Todavía desconocemos cómo va a ser la evolución radiológica de estos pacientes, pero se pueden esperar similitudes con la que presentaron los pacientes que sufrieron la infección por otros coronavirus como el SARS de los años 2002-2003 o el síndrome respiratorio de Oriente Medio (MERS, por sus siglas en inglés Middle East respiratory syndrome) de 201221.

En un estudio con pacientes supervivientes del SARS, a las 12 semanas del alta el 36% presentaba alteraciones residuales en la radiografía de tórax y a los 6 meses estas alteraciones estaban presentes en el 30% de los pacientes, siendo las opacidades del parénquima y la reticulación las anomalías más frecuentes22. De forma similar, en un estudio de pacientes supervivientes al MERS, a las 6 semanas de seguimiento el 36% de los pacientes tenían cambios residuales en la radiografía de tórax, la mayoría relacionados con cambios fibróticos23,24.

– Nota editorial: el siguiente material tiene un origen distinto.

(* Let $|V|,S,p,d,d_w$ be positive integers. Let $C\in\mathbb{R}^{(|V|+1)\times p}$ be a token-embedding matrix whose $i$-th row is $c_i^\top$, where index $|V|+1$ is the \texttt{[MASK]} token, and let $P\in\mathbb{R}^{S\times p}$ be a positional-encoding matrix. Let $W^V\in\mathbb{R}^{d\times p}$, $W^Q,W^K\in\mathbb{R}^{d_w\times p}$, $W^O\in\mathbb{R}^{d\times p}$, $W'\in\mathbb{R}^{p\times p}$, $W''\in\mathbb{R}^{|V|\times p}$. For a masked sentence given by a matrix $\overline{X}\in\{0,1\}^{S\times(|V|+1)}$ whose rows are one-hot vectors, with masked position $m\in[S]$ (so the $m$-th row of $\overline{X}$ is the one-hot vector of index $|V|+1$) and masked (target) token $b\in[|V|]$, define the single-head single-layer attention model: $X'=\overline{X}C+P$; $X^{\mathrm{attn}}=\mathrm{softmax}\big(X'(W^Q)^\top W^K(X')^\top/\sqrt{d_w}\big)X'(W^V)^\top$ (softmax taken row-wise); $Z=X^{\mathrm{attn}}W^O$; $Z'=X'+Z$; $Z''=Z'+Z'(W')^\top$ (i.e. each row $Z'_i$ is mapped to $Z'_i+W'Z'_i$); and $\hat y=\mathrm{softmax}(W''Z''_m)\in\mathbb{R}^{|V|}$, where $Z''_m$ is the $m$-th row of $Z''$ viewed as a column vector. Let $L_{\mathrm{MLM}}(m,b)=-\log \hat y_b$ be the masked-language-modeling (cross-entropy) loss. Then there exist $g\in\mathbb{R}^{|V|}$, $D\in\mathbb{R}^{|V|\times S}$, $W^{LOV}\in\mathbb{R}^{|V|\times p}$ and $W^{KQ}\in\mathbb{R}^{p\times p}$, determined by the parameters $C,P,W^V,W^Q,W^K,W^O,W',W''$ alone (not depending on $\overline{X}$, $m$ or $b$), such that for every such $\overline{X},m,b$, \[ L_{\mathrm{MLM}}(m,b) = - \frac{\sum_{j=1}^S\theta(j,m)\chi(j,m,b) }{\sum_{j=1}^S \theta(j,m)} +\log\left( \sum_{k=1}^{|V|} \exp\left( \frac{\sum_{j=1}^S\theta(j,m)\chi(j,m,k) }{\sum_{j=1}^S \theta(j,m)} \right)\right), \] where \[ \theta(j,m) = \exp\left(\frac{ e_j^\top (\overline{X} C+P) W^{KQ} (c_{|V|+1} + P^\top e_m)}{\sqrt{d_w}} \right),\qquad \chi(j,m,k) = \left( W^{LOV} (\overline{X} C+P)^\top e_j + g + D e_m \right)_k, \] and $e_j\in\{0,1\}^S$ denotes the $j$-th standard basis vector.
   Context: $\mathrm{softmax}$ of a vector $v$ is the vector with entries $e^{v_k}/\sum_l e^{v_l}$; $(v)_k$ denotes the $k$-th entry of a vector $v$; $[n]=\{1,\dots,n\}$. *)

theory Defs
  imports Complex_Main
begin

text \<open>Matrices are functions nat => nat => real, indexed from 0, with explicit
  dimension bounds.  Token indices 0..nV-1 are ordinary tokens,
  index nV is the MASK token.  A matrix M in R^(r x c) is read as M i l with
  i < r, l < c.\<close>

definition softmax :: "nat \<Rightarrow> (nat \<Rightarrow> real) \<Rightarrow> nat \<Rightarrow> real" where
  "softmax n v k = exp (v k) / (\<Sum>l<n. exp (v l))"

definition Xp :: "nat \<Rightarrow> nat \<Rightarrow> nat \<Rightarrow> (nat \<Rightarrow> nat \<Rightarrow> real) \<Rightarrow> (nat \<Rightarrow> nat \<Rightarrow> real)
    \<Rightarrow> (nat \<Rightarrow> nat \<Rightarrow> real) \<Rightarrow> nat \<Rightarrow> nat \<Rightarrow> real" where
  "Xp nV S p C P Xbar i l = (\<Sum>t<nV+1. Xbar i t * C t l) + P i l"

definition att_score :: "nat \<Rightarrow> nat \<Rightarrow> (nat \<Rightarrow> nat \<Rightarrow> real) \<Rightarrow> (nat \<Rightarrow> nat \<Rightarrow> real)
    \<Rightarrow> (nat \<Rightarrow> nat \<Rightarrow> real) \<Rightarrow> nat \<Rightarrow> nat \<Rightarrow> real" where
  "att_score p dw WQ WK X i j =
     (\<Sum>a<dw. (\<Sum>l<p. X i l * WQ a l) * (\<Sum>l<p. X j l * WK a l)) / sqrt (real dw)"

definition Xattn :: "nat \<Rightarrow> nat \<Rightarrow> nat \<Rightarrow> nat \<Rightarrow> (nat \<Rightarrow> nat \<Rightarrow> real) \<Rightarrow> (nat \<Rightarrow> nat \<Rightarrow> real)
    \<Rightarrow> (nat \<Rightarrow> nat \<Rightarrow> real) \<Rightarrow> (nat \<Rightarrow> nat \<Rightarrow> real) \<Rightarrow> nat \<Rightarrow> nat \<Rightarrow> real" where
  "Xattn S p d dw WV WQ WK X i a =
     (\<Sum>j<S. softmax S (att_score p dw WQ WK X i) j * (\<Sum>l<p. X j l * WV a l))"

definition mlm_loss :: "nat \<Rightarrow> nat \<Rightarrow> nat \<Rightarrow> nat \<Rightarrow> nat
    \<Rightarrow> (nat \<Rightarrow> nat \<Rightarrow> real) \<Rightarrow> (nat \<Rightarrow> nat \<Rightarrow> real) \<Rightarrow> (nat \<Rightarrow> nat \<Rightarrow> real)
    \<Rightarrow> (nat \<Rightarrow> nat \<Rightarrow> real) \<Rightarrow> (nat \<Rightarrow> nat \<Rightarrow> real) \<Rightarrow> (nat \<Rightarrow> nat \<Rightarrow> real)
    \<Rightarrow> (nat \<Rightarrow> nat \<Rightarrow> real) \<Rightarrow> (nat \<Rightarrow> nat \<Rightarrow> real)
    \<Rightarrow> (nat \<Rightarrow> nat \<Rightarrow> real) \<Rightarrow> nat \<Rightarrow> nat \<Rightarrow> real" where
  "mlm_loss nV S p d dw C P WV WQ WK WO W1 W2 Xbar m b =
    (let X = Xp nV S p C P Xbar;
         XA = Xattn S p d dw WV WQ WK X;
         Z = (\<lambda>i l. \<Sum>a<d. XA i a * WO a l);
         Z1 = (\<lambda>i l. X i l + Z i l);
         Z2 = (\<lambda>i l. Z1 i l + (\<Sum>l'<p. W1 l l' * Z1 i l'));
         logits = (\<lambda>k. \<Sum>l<p. W2 k l * Z2 m l)
     in - ln (softmax nV logits b))"

definition masked_input :: "nat \<Rightarrow> nat \<Rightarrow> (nat \<Rightarrow> nat \<Rightarrow> real) \<Rightarrow> nat \<Rightarrow> nat \<Rightarrow> bool" where
  "masked_input nV S Xbar m b \<longleftrightarrow>
     (\<forall>i<S. \<exists>t<nV+1. \<forall>u<nV+1. Xbar i u = (if u = t then 1 else 0)) \<and>
     m < S \<and> (\<forall>u<nV+1. Xbar m u = (if u = nV then 1 else 0)) \<and> b < nV"

end

theory Submission
  imports Defs
begin

text \<open>The masked row of X' is c_MASK + P_m, so row m of the attention output is a softmax
  average of the value vectors W^V X'_j with weights exp of the bilinear form
  X'_j^T (W^K)^T W^Q X'_m, which is theta(j, m).  Everything downstream of attention is
  linear in Z'_m = X'_m + (W^O)^T (attention row), so the logits are W''(I + W') X'_m
  plus the average of W''(I + W')(W^O)^T W^V X'_j; as the weights sum to one, the
  constant part moves inside the average.  Finally -log softmax_b = -logit_b + log sum exp.\<close>

lemma sum_mult_sum_assoc:
  fixes u v :: "nat \<Rightarrow> 'a::comm_semiring_0" and A :: "nat \<Rightarrow> nat \<Rightarrow> 'a"
  shows "(\<Sum>i<n. u i * (\<Sum>j<m. A i j * v j)) = (\<Sum>j<m. (\<Sum>i<n. u i * A i j) * v j)"
  by (simp add: sum_distrib_left sum_distrib_right mult.assoc) (rule sum.swap)

lemma sum_mult_sum_swap:
  fixes u v :: "nat \<Rightarrow> 'a::comm_semiring_0" and A :: "nat \<Rightarrow> nat \<Rightarrow> 'a"
  shows "(\<Sum>i<n. u i * (\<Sum>j<m. v j * A j i)) = (\<Sum>j<m. v j * (\<Sum>i<n. u i * A j i))"
  by (simp add: sum_distrib_left mult.left_commute) (rule sum.swap)

lemma sum_product_linear_forms:
  fixes x y :: "nat \<Rightarrow> 'a::comm_semiring_0" and A B :: "nat \<Rightarrow> nat \<Rightarrow> 'a"
  shows "(\<Sum>a<r. (\<Sum>l<p. y l * A a l) * (\<Sum>l<p. x l * B a l)) =
         (\<Sum>l<p. \<Sum>l'<p. x l * (\<Sum>a<r. B a l * A a l') * y l')"
  by (simp add: sum_product sum_distrib_left sum_distrib_right mult_ac sum.swap[of _ "{..<r}"],
      rule sum.cong[OF refl], subst sum.swap, simp add: mult_ac)

lemma sum_softmax:
  assumes "0 < n"
  shows "(\<Sum>j<n. softmax n v j) = 1"
proof -
  have "(\<Sum>k<n. exp (v k)) > 0"
    using assms by (intro sum_pos) auto
  then show ?thesis
    unfolding softmax_def by (simp flip: sum_divide_distrib)
qed

lemma sum_weights_one_add:
  fixes s f :: "nat \<Rightarrow> 'a::comm_ring_1"
  assumes "(\<Sum>j<n. s j) = 1"
  shows "c + (\<Sum>j<n. s j * f j) = (\<Sum>j<n. s j * (f j + c))"
  using assms by (simp add: distrib_left sum.distrib flip: sum_distrib_right)

lemma neg_ln_softmax:
  assumes "0 < n"
  shows "- ln (softmax n v b) = - v b + ln (\<Sum>k<n. exp (v k))"
proof -
  have "(\<Sum>k<n. exp (v k)) > 0"
    using assms by (intro sum_pos) auto
  then show ?thesis
    unfolding softmax_def by (simp add: ln_div)
qed

lemma Xp_one_hot_row:
  assumes "t < nV + 1" and "\<forall>u<nV + 1. Xbar i u = (if u = t then 1 else 0)"
  shows "Xp nV S p C P Xbar i l = C t l + P i l"
proof -
  have "(\<Sum>u<nV + 1. Xbar i u * C u l) = (\<Sum>u<nV + 1. if u = t then C u l else 0)"
    using assms(2) by (intro sum.cong) auto
  then show ?thesis
    unfolding Xp_def using assms(1) by simp
qed

text \<open>In the paper's notation: kq_matrix is W^KQ = (W^K)^T W^Q, head_matrix is W''(I + W'),
  and lov_matrix is W^LOV = W''(I + W')(W^O)^T W^V.\<close>

definition kq_matrix ::
    "nat \<Rightarrow> (nat \<Rightarrow> nat \<Rightarrow> real) \<Rightarrow> (nat \<Rightarrow> nat \<Rightarrow> real) \<Rightarrow> nat \<Rightarrow> nat \<Rightarrow> real"
  where "kq_matrix dw WQ WK l l' = (\<Sum>a<dw. WK a l * WQ a l')"

definition head_matrix ::
    "nat \<Rightarrow> (nat \<Rightarrow> nat \<Rightarrow> real) \<Rightarrow> (nat \<Rightarrow> nat \<Rightarrow> real) \<Rightarrow> nat \<Rightarrow> nat \<Rightarrow> real"
  where "head_matrix p W1 W2 k l = W2 k l + (\<Sum>l0<p. W2 k l0 * W1 l0 l)"

definition lov_matrix :: "nat \<Rightarrow> nat \<Rightarrow> (nat \<Rightarrow> nat \<Rightarrow> real) \<Rightarrow> (nat \<Rightarrow> nat \<Rightarrow> real)
    \<Rightarrow> (nat \<Rightarrow> nat \<Rightarrow> real) \<Rightarrow> (nat \<Rightarrow> nat \<Rightarrow> real) \<Rightarrow> nat \<Rightarrow> nat \<Rightarrow> real"
  where "lov_matrix p d WV WO W1 W2 k l' =
    (\<Sum>l<p. head_matrix p W1 W2 k l * (\<Sum>a<d. WV a l' * WO a l))"

lemma att_score_eq_kq_matrix:
  "att_score p dw WQ WK X i j =
    (\<Sum>l<p. \<Sum>l'<p. X j l * kq_matrix dw WQ WK l l' * X i l') / sqrt (real dw)"
  unfolding att_score_def kq_matrix_def by (simp only: sum_product_linear_forms)

lemma residual_head_eq:
  fixes z :: "nat \<Rightarrow> real"
  shows "(\<Sum>l<p. W2 k l * (z l + (\<Sum>l'<p. W1 l l' * z l'))) =
    (\<Sum>l<p. head_matrix p W1 W2 k l * z l)"
  unfolding head_matrix_def
  by (simp add: sum_mult_sum_assoc distrib_left distrib_right sum.distrib)

lemma head_of_value_average:
  fixes w :: "nat \<Rightarrow> real" and X :: "nat \<Rightarrow> nat \<Rightarrow> real"
  shows "(\<Sum>l<p. head_matrix p W1 W2 k l *
            (\<Sum>a<d. (\<Sum>j<S. w j * (\<Sum>l'<p. X j l' * WV a l')) * WO a l)) =
    (\<Sum>j<S. w j * (\<Sum>l'<p. lov_matrix p d WV WO W1 W2 k l' * X j l'))"
proof -
  let ?H = "head_matrix p W1 W2 k"
  have value_output: "(\<Sum>a<d. (\<Sum>j<S. w j * (\<Sum>l'<p. X j l' * WV a l')) * WO a l) =
      (\<Sum>j<S. w j * (\<Sum>l'<p. X j l' * (\<Sum>a<d. WV a l' * WO a l)))" for l
    by (simp only: sum_mult_sum_assoc[symmetric])
  have "(\<Sum>l<p. ?H l * (\<Sum>a<d. (\<Sum>j<S. w j * (\<Sum>l'<p. X j l' * WV a l')) * WO a l)) =
      (\<Sum>j<S. w j * (\<Sum>l<p. ?H l * (\<Sum>l'<p. X j l' * (\<Sum>a<d. WV a l' * WO a l))))"
    unfolding value_output by (rule sum_mult_sum_swap)
  also have "\<dots> = (\<Sum>j<S. w j * (\<Sum>l'<p. X j l' * (\<Sum>l<p. ?H l * (\<Sum>a<d. WV a l' * WO a l))))"
    by (rule sum.cong[OF refl], subst sum_mult_sum_swap, rule refl)
  finally show ?thesis
    unfolding lov_matrix_def by (simp add: mult.commute)
qed

lemma mlm_loss_masked_eq:
  fixes p d dw :: nat and C P WV WQ WK WO W1 W2 :: "nat \<Rightarrow> nat \<Rightarrow> real"
  assumes "masked_input nV S Xbar m b"
  defines "X \<equiv> Xp nV S p C P Xbar"
  defines "\<theta> \<equiv> \<lambda>j. exp ((\<Sum>l<p. \<Sum>l'<p. X j l * kq_matrix dw WQ WK l l' * (C nV l' + P m l'))
                        / sqrt (real dw))"
    and "\<chi> \<equiv> \<lambda>j k. (\<Sum>l<p. lov_matrix p d WV WO W1 W2 k l * X j l)
                 + (\<Sum>l<p. head_matrix p W1 W2 k l * C nV l)
                 + (\<Sum>l<p. head_matrix p W1 W2 k l * P m l)"
  shows "mlm_loss nV S p d dw C P WV WQ WK WO W1 W2 Xbar m b =
    - ((\<Sum>j<S. \<theta> j * \<chi> j b) / (\<Sum>j<S. \<theta> j))
    + ln (\<Sum>k<nV. exp ((\<Sum>j<S. \<theta> j * \<chi> j k) / (\<Sum>j<S. \<theta> j)))"
proof -
  have "m < S" "0 < nV" and mask_row: "\<forall>u<nV + 1. Xbar m u = (if u = nV then 1 else 0)"
    using assms(1) unfolding masked_input_def by auto
  have X_m: "X m l = C nV l + P m l" for l
    unfolding X_def using mask_row by (intro Xp_one_hot_row) auto
  have weights: "exp (att_score p dw WQ WK X m j) = \<theta> j" for j
    unfolding att_score_eq_kq_matrix \<theta>_def X_m ..
  define s where "s = softmax S (att_score p dw WQ WK X m)"
  have s_eq: "s j = \<theta> j / (\<Sum>j<S. \<theta> j)" for j
    unfolding s_def softmax_def weights ..
  have "(\<Sum>j<S. s j) = 1"
    unfolding s_def using \<open>m < S\<close> by (intro sum_softmax) auto
  define Z where "Z l = X m l + (\<Sum>a<d. Xattn S p d dw WV WQ WK X m a * WO a l)" for l
  have logit: "(\<Sum>l<p. W2 k l * (Z l + (\<Sum>l'<p. W1 l l' * Z l'))) =
      (\<Sum>j<S. \<theta> j * \<chi> j k) / (\<Sum>j<S. \<theta> j)" for k
  proof -
    have "(\<Sum>l<p. W2 k l * (Z l + (\<Sum>l'<p. W1 l l' * Z l'))) =
        (\<Sum>l<p. head_matrix p W1 W2 k l * Z l)"
      by (rule residual_head_eq)
    also have "\<dots> = (\<Sum>l<p. head_matrix p W1 W2 k l * X m l)
        + (\<Sum>j<S. s j * (\<Sum>l<p. lov_matrix p d WV WO W1 W2 k l * X j l))"
      unfolding Z_def Xattn_def s_def[symmetric] head_of_value_average[symmetric]
      by (simp add: distrib_left sum.distrib)
    also have "\<dots> = (\<Sum>j<S. s j * \<chi> j k)"
      unfolding sum_weights_one_add[OF \<open>(\<Sum>j<S. s j) = 1\<close>] \<chi>_def X_m
      by (simp add: distrib_left sum.distrib add.assoc)
    also have "\<dots> = (\<Sum>j<S. \<theta> j * \<chi> j k) / (\<Sum>j<S. \<theta> j)"
      unfolding s_eq by (simp add: sum_divide_distrib)
    finally show ?thesis .
  qed
  have "mlm_loss nV S p d dw C P WV WQ WK WO W1 W2 Xbar m b =
      - ln (softmax nV (\<lambda>k. \<Sum>l<p. W2 k l * (Z l + (\<Sum>l'<p. W1 l l' * Z l'))) b)"
    unfolding mlm_loss_def X_def[symmetric] Let_def Z_def by simp
  then show ?thesis
    unfolding logit neg_ln_softmax[OF \<open>0 < nV\<close>] .
qed

theorem lemma1:
  fixes nV S p d dw :: nat
    and C P WV WQ WK WO W1 W2 :: "nat \<Rightarrow> nat \<Rightarrow> real"
  assumes "0 < nV" "0 < S" "0 < p" "0 < d" "0 < dw"
  shows "\<exists>(g :: nat \<Rightarrow> real) (D :: nat \<Rightarrow> nat \<Rightarrow> real) (WLOV :: nat \<Rightarrow> nat \<Rightarrow> real)
            (WKQ :: nat \<Rightarrow> nat \<Rightarrow> real).
    \<forall>Xbar m b. masked_input nV S Xbar m b \<longrightarrow>
      (let X = Xp nV S p C P Xbar;
           \<theta> = (\<lambda>j. exp ((\<Sum>l<p. \<Sum>l'<p. X j l * WKQ l l' * (C nV l' + P m l')) / sqrt (real dw)));
           \<chi> = (\<lambda>j k. (\<Sum>l<p. WLOV k l * X j l) + g k + D k m)
       in mlm_loss nV S p d dw C P WV WQ WK WO W1 W2 Xbar m b =
          - ((\<Sum>j<S. \<theta> j * \<chi> j b) / (\<Sum>j<S. \<theta> j))
          + ln (\<Sum>k<nV. exp ((\<Sum>j<S. \<theta> j * \<chi> j k) / (\<Sum>j<S. \<theta> j))))"
  unfolding Let_def
  by (rule exI[of _ "\<lambda>k. \<Sum>l<p. head_matrix p W1 W2 k l * C nV l"],
      rule exI[of _ "\<lambda>k m. \<Sum>l<p. head_matrix p W1 W2 k l * P m l"],
      rule exI[of _ "lov_matrix p d WV WO W1 W2"], rule exI[of _ "kq_matrix dw WQ WK"])
    (intro allI impI mlm_loss_masked_eq)

end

La mayor parte de los pacientes van a presentar alteraciones en la radiografía de tórax en el momento del alta hospitalaria y todavía se desconoce cuál es el momento apropiado para realizar las radiografías de control tras el alta y valorar la resolución de esta afectación. En nuestro medio, las radiografías de control de las neumonías adquiridas en la comunidad se realizan a las 4 semanas, fundamentalmente para descartar la posibilidad de que un tumor primario bronquial haya contribuido a la neumonía25. En el caso de los pacientes con COVID-19, las características de la afectación del parénquima (opacidades en vidrio deslustrado y alveolares, múltiples y parcheadas) no son sospechosas de estar relacionadas con una causa neoplásica, por lo que un intervalo de tiempo mayor (se proponen 12 semanas) podría ser apropiado para confirmar la resolución de las opacidades o detectar de forma precoz el desarrollo de complicaciones4.

En una revisión de 59 pacientes con neumonía por SARS-CoV-2 ingresados en nuestro centro (Hospital Universitario Ramón y Cajal, Madrid), que presentaban alteraciones en la radiografía de tórax en el momento del alta hospitalaria, ninguna de las radiografías que se realizaron a las 8-12 semanas fue normal (tabla 1). Los hallazgos incluían opacidades reticulares/atelectasias periféricas en el 88% de los casos y opacidades en vidrio deslustrado en el 61%. Llamativamente, el 25% de las exploraciones presentaban un bajo grado de inspiración (fig. 2). En una publicación reciente se describe un porcentaje menor (12%) de secuelas radiológicas en 110 pacientes post-COVID-19 a las 8-12 semanas del ingreso hospitalario26. Creemos que esta discrepancia en la proporción de secuelas radiológicas (entre dicha publicación y nuestra revisión de 59 pacientes) puede deberse, entre otros motivos, al método de cuantificación de la afectación pulmonar y a que nuestra serie refleja la evolución de enfermos más graves. En cualquier caso, es necesario analizar series multicéntricas con más casos para poder extraer conclusiones más sólidas con respecto a la prevalencia de secuelas radiológicas tardías en pacientes post-COVID-19.

Tabla 1.

Características clínicas y radiológicas de los pacientes post-COVID-19 revisados (8-12 semanas tras el alta hospitalaria con radiografía de tórax anormal)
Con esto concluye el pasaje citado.